The project at Brandywine, a diversity-driven nonprofit located in Philadelphia, also grew from a desire to shine a light on individuals whose contributions to their field are overlooked and at risk of being forgotten. In their case, that means art and artists. While there was an explosion of creativity following World War II, both textbooks and museums often reflect a very narrow sliver of that work.
“We asked the question, ‘What if there was an online database, the equivalent of Artstor or IMDB, that could be this de facto, go-to database for all this art that was basically unaccounted for,’ and what if it was specifically inclusion-oriented?” said John Cardone, the founder and principal of Being Design who developed Artura.org. “And how might we help the education system more accurately reflect the reality of our culture? The only way is to do the work of making a single resource everyone can go to where all the otherwise neglected production is now archived, collected, searchable, filterable, shareable, browseable.”
The database, which is free to access, includes over 1,400 images of diverse contemporary artwork, 650 biographies of artists and 60 lesson plans exploring the heritage and personal experiences of the artists. Among the heritages well-represented are African-American, African, African diaspora, Asian-American, Asian, Asian Diaspora, Latin-American, South and Central American and Native American. There are two teacher guides as well as resources for teaching about the slave trade, for example, or the Holocaust.
“The idea is definitely to be a resource for teachers, but not just art teachers,” said Matt Singer, director for administration and development. “The idea of incorporating non-white, non-western people and voices and narratives into the existing U.S. educational curriculum definitely extends beyond the sphere of art. It should be reflected in the study of language, literature, history, math and science. There’s also been an effort to connect works with poetry and song. It’s all mutually reinforcing and helping different kinds of teachers incorporate diverse voices and find new materials to teach with.”
They are currently working toward spreading news of the database across the state, especially among educators in the arts and humanities. They also hope to continue to expand the database and document the work of diverse artists from WWII until 2012, when the internet made the works more widely available and accessible.

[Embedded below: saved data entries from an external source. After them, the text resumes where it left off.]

text \<open>As long as 2 card X \<le> e, every row still has at least e / 2 elements outside X, so by
  double counting some new element lies in at least a 1 / (2M) fraction of the current rows.\<close>

lemma common_subset_of_many_sets:
  assumes "finite I" "I \<noteq> {}" "finite U" "card U \<le> M * e" "2 * L \<le> e"
    and "\<And>i. i \<in> I \<Longrightarrow> B i \<subseteq> U \<and> card (B i) = e"
  shows "\<exists>X R. X \<subseteq> U \<and> card X = L \<and> R \<subseteq> I \<and> card I \<le> card R * (2 * M) ^ L \<and>
           (\<forall>r\<in>R. X \<subseteq> B r)"
  using assms(5)
proof (induction L)
  case 0
  show ?case by (intro exI[of _ "{}"] exI[of _ I]) simp
next
  case (Suc L)
  then obtain X R where X: "X \<subseteq> U" "card X = L" and R: "R \<subseteq> I" "\<forall>r\<in>R. X \<subseteq> B r"
    and bound: "card I \<le> card R * (2 * M) ^ L"
    by auto
  have "finite R" using R(1) assms(1) finite_subset by blast
  have "card I > 0" using assms(1,2) by (simp add: card_gt_0_iff)
  with bound have "R \<noteq> {}" by (cases "R = {}") auto
  have "finite X" using X(1) assms(3) finite_subset by blast
  have rest: "B r - X \<subseteq> U - X \<and> e - L \<le> card (B r - X)" if "r \<in> R" for r
  proof -
    have "B r \<subseteq> U" "card (B r) = e" "X \<subseteq> B r"
      using assms(6)[of r] R that by auto
    then show ?thesis using X \<open>finite X\<close> by (auto simp: card_Diff_subset)
  qed
  obtain c where c: "c \<in> U - X"
    and many: "card R * (e - L) \<le> card (U - X) * card {r\<in>R. c \<in> B r - X}"
    using double_counting_frequent_element[of R "U - X" "e - L" "\<lambda>r. B r - X"]
      \<open>finite R\<close> \<open>R \<noteq> {}\<close> rest assms(3) Suc.prems by auto
  define R' where "R' = {r\<in>R. c \<in> B r}"
  have R'_eq: "{r\<in>R. c \<in> B r - X} = R'" using c by (auto simp: R'_def)
  have "e \<le> 2 * (e - L)" using Suc.prems by simp
  then have "M * e \<le> 2 * M * (e - L)"
    using mult_le_mono2[of e "2 * (e - L)" M] by (simp add: mult.left_commute)
  moreover have "card (U - X) \<le> card U"
    using assms(3) by (simp add: card_mono)
  ultimately have "card (U - X) \<le> 2 * M * (e - L)"
    using assms(4) by linarith
  have "card R * (e - L) \<le> card (U - X) * card R'"
    using many unfolding R'_eq .
  also have "\<dots> \<le> 2 * M * (e - L) * card R'"
    using \<open>card (U - X) \<le> 2 * M * (e - L)\<close> by (rule mult_le_mono1)
  also have "\<dots> = (2 * M * card R') * (e - L)"
    by (simp add: ac_simps)
  finally have "card R * (e - L) \<le> (2 * M * card R') * (e - L)" .
  then have "card R \<le> 2 * M * card R'"
    using Suc.prems by simp
  have "card I \<le> card R * (2 * M) ^ L"
    by (fact bound)
  also have "\<dots> \<le> 2 * M * card R' * (2 * M) ^ L"
    using \<open>card R \<le> 2 * M * card R'\<close> by (rule mult_le_mono1)
  also have "\<dots> = card R' * (2 * M) ^ Suc L"
    by (simp add: ac_simps)
  finally have "card I \<le> card R' * (2 * M) ^ Suc L" .
  moreover have "insert c X \<subseteq> U" "card (insert c X) = Suc L"
    using c X \<open>finite X\<close> by auto
  moreover have "R' \<subseteq> I" "\<forall>r\<in>R'. insert c X \<subseteq> B r"
    using R by (auto simp: R'_def)
  ultimately show ?case by blast
qed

Assemble also hopes to expand the reach of the Afrofuturism curriculum by getting it fully licensed. The project hasn’t been without its challenges, including from those who question why it’s relevant to students who aren’t of color.
“And it’s because these people contributed to these fields and they’ve not been given a voice,” Roberts said. “We’ve not been able to see their contributions that we use in our everyday lives, the inventions and innovations and pathways created by people of color. If we want to educate and talk about STEAM and be equitable, then we have to start with making sure we’re allowing those who are folks of color to have that voice in what we do.”